There’s a boil water
advisory in Winnipeg tonight. I can’t help but feel like this is a test.
Given the news about
Winnipeg lately, I see a certain poetic justice in this development, whether it’s
some machinations of new mayor Brian Bowman to take a litmus of Winnipeggers’
true resolve to work toward mending relationships with First Nations people in
our province, or whether it’s God giving us just the littlest taste of the
hardship our fellow citizens face.
Awareness has been
growing for some time that we truly have a problem in this city. I think the human rights
museum began to bring to some Winnipeggers’ attention the irony that such an
edifice was to rise on land that is still contested to be stolen from First
Nations people and sacrilegiously used by the oppressors. The Idle No More
movement, the Eighth Fire tv series on CBC, Michael Champagne’s Meet Me at the
Belltower initiative, and the election of MLA Kevin Chief have all been steps
of Aboriginal people asserting themselves as people with agency and
self-determination. Then, this summer, the unbelievably awful murder of Tina Fontaine
followed closely by the tragic death of “homeless hero” Faron Hall and a brave Rinelle Harper's narrow
escape from a vicious assault, plus the inquest on the senseless ER death of
Brian Sinclair finally made “the divide between Winnipeg’s Aboriginal residents
and the rest” an inescapable reality discussed in the news, by the chief of
police, and by the mayoral candidates.
So the Maclean’s headline calling Winnipeg
Canada’s most racist city shouldn’t have surprised anyone. It was sensationalist
and perhaps melodramatic in presentation but not untrue. (Why did they put that picture of Rosanna Deerchild on the
cover, though! She’s a beautiful woman with a sardonic wit and feisty spirit –
why portray her as a hopeless, angry victim?)
The new mayor, who
quietly claimed his Metis heritage as he took office, responded quickly to the
story by owning up to the problem and promising to confront it. He assembled a
host of Aboriginal leaders to speak to the issue in a hastily called press
conference.
And now the water. I’ve
never experienced such a thing before, or at least, not in the developed world.
But what has it to do with First Nations people?
The city of Winnipeg
enjoys its usually healthy and reliable drinking water due to an aqueduct that
brings it from Shoal Lake. Our gain, however, is local Aboriginal people’s loss.
Shoal Lake 40 First Nation was dispossessed
of their land and moved onto a peninsula subsequently cut off from the
mainland.
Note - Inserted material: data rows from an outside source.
(* Let $\mathcal C$ be an additive strict symmetric monoidal category and let $(L,\ell)$ be a Lie algebra in $\mathcal C$. If $L$ is derived nilpotent, then $L$ is solvable.
   Context: Standing conventions: $\mathcal C$ is an additive symmetric monoidal category (taken strict), with symmetric braiding $c$ (so $c_{V,U}\circ c_{U,V}=\mathrm{id}_{U\otimes V}$); the tensor product is additive in each argument. For an object $U$ put $c^{(n)}_U := c_{U^{\otimes(n-1)},U}\in\mathrm{End}(U^{\otimes n})$. For $h\in\mathrm{Hom}(U\otimes U,U)$ put $h^{(2)}:=h$ and $h^{(n)}:=h\circ(\mathrm{id}_U\otimes h^{(n-1)})\in\mathrm{Hom}(U^{\otimes n},U)$ for $n>2$. A Lie algebra in $\mathcal C$ is a pair $(L,\ell)$ with $\ell\in\mathrm{Hom}(L\otimes L,L)$ satisfying antisymmetry $\ell\circ(\mathrm{id}_{L\otimes L}+c_{L,L})=0$ and the Jacobi identity $\ell^{(3)}\circ[\mathrm{id}_{L^{\otimes 3}}+c^{(3)}_L+(c^{(3)}_L)^2]=0$. Define $\ell^{[2]}:=\ell$ and $\ell^{[n]}:=\ell\circ(\ell^{[n-1]}\otimes\ell^{[n-1]})\in\mathrm{Hom}(L^{\otimes 2^{n-1}},L)$ for $n>2$. $L$ is solvable iff $\ell^{[n]}=0$ for sufficiently large $n$; $L$ is derived nilpotent iff $\ell^{(n)}\circ\ell^{\otimes n}=0$ for sufficiently large $n$. *)

theory Defs
  imports Main
begin

text \<open>Comp g f denotes g after f.\<close>

record ('o, 'm) smcat =
  Dom   :: "'m \<Rightarrow> 'o"
  Cod   :: "'m \<Rightarrow> 'o"
  Comp  :: "'m \<Rightarrow> 'm \<Rightarrow> 'm"
  Idm   :: "'o \<Rightarrow> 'm"
  TensO :: "'o \<Rightarrow> 'o \<Rightarrow> 'o"
  TensM :: "'m \<Rightarrow> 'm \<Rightarrow> 'm"
  Unit  :: "'o"
  Br    :: "'o \<Rightarrow> 'o \<Rightarrow> 'm"
  Add   :: "'m \<Rightarrow> 'm \<Rightarrow> 'm"
  Neg   :: "'m \<Rightarrow> 'm"
  Zero  :: "'o \<Rightarrow> 'o \<Rightarrow> 'm"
The cruelest irony is that the isolated community has been under a boil
water advisory for almost 20 years.
So, Winnipeg, how will
we respond to our evening of inconvenience? Will we complain and move on? Or
will the momentary inconvenience move us to compassion for the years of frustration
and danger our own fellow citizens face?
Having confessed our
racism – or grudgingly admitting it when the charge was laid bare before us as
a national shame – will we step up and call for justice? Or accept second-class
treatment for the unseen and forgotten?
ASIDE: It's too late to figure out how to weave this into the larger argument, but I've wanted to say it ever since serial killer Shawn Lamb hit the news for preying on women in Downtown and the West End.
Racism isn’t just name
calling. It’s also indifference to the suffering of others. The Maclean's
article quoted edgy FreeP columnist Bartley Kives defining white privilege as “not
being worried your daughter is going to be raped and killed because of who she
is.”
This reality struck me particularly when I heard how frightened women were by the Lamb situation. I walk the same streets after dark and feel no fear -- because as a middle class white woman, I'm not the target. And I felt the weight of my privilege.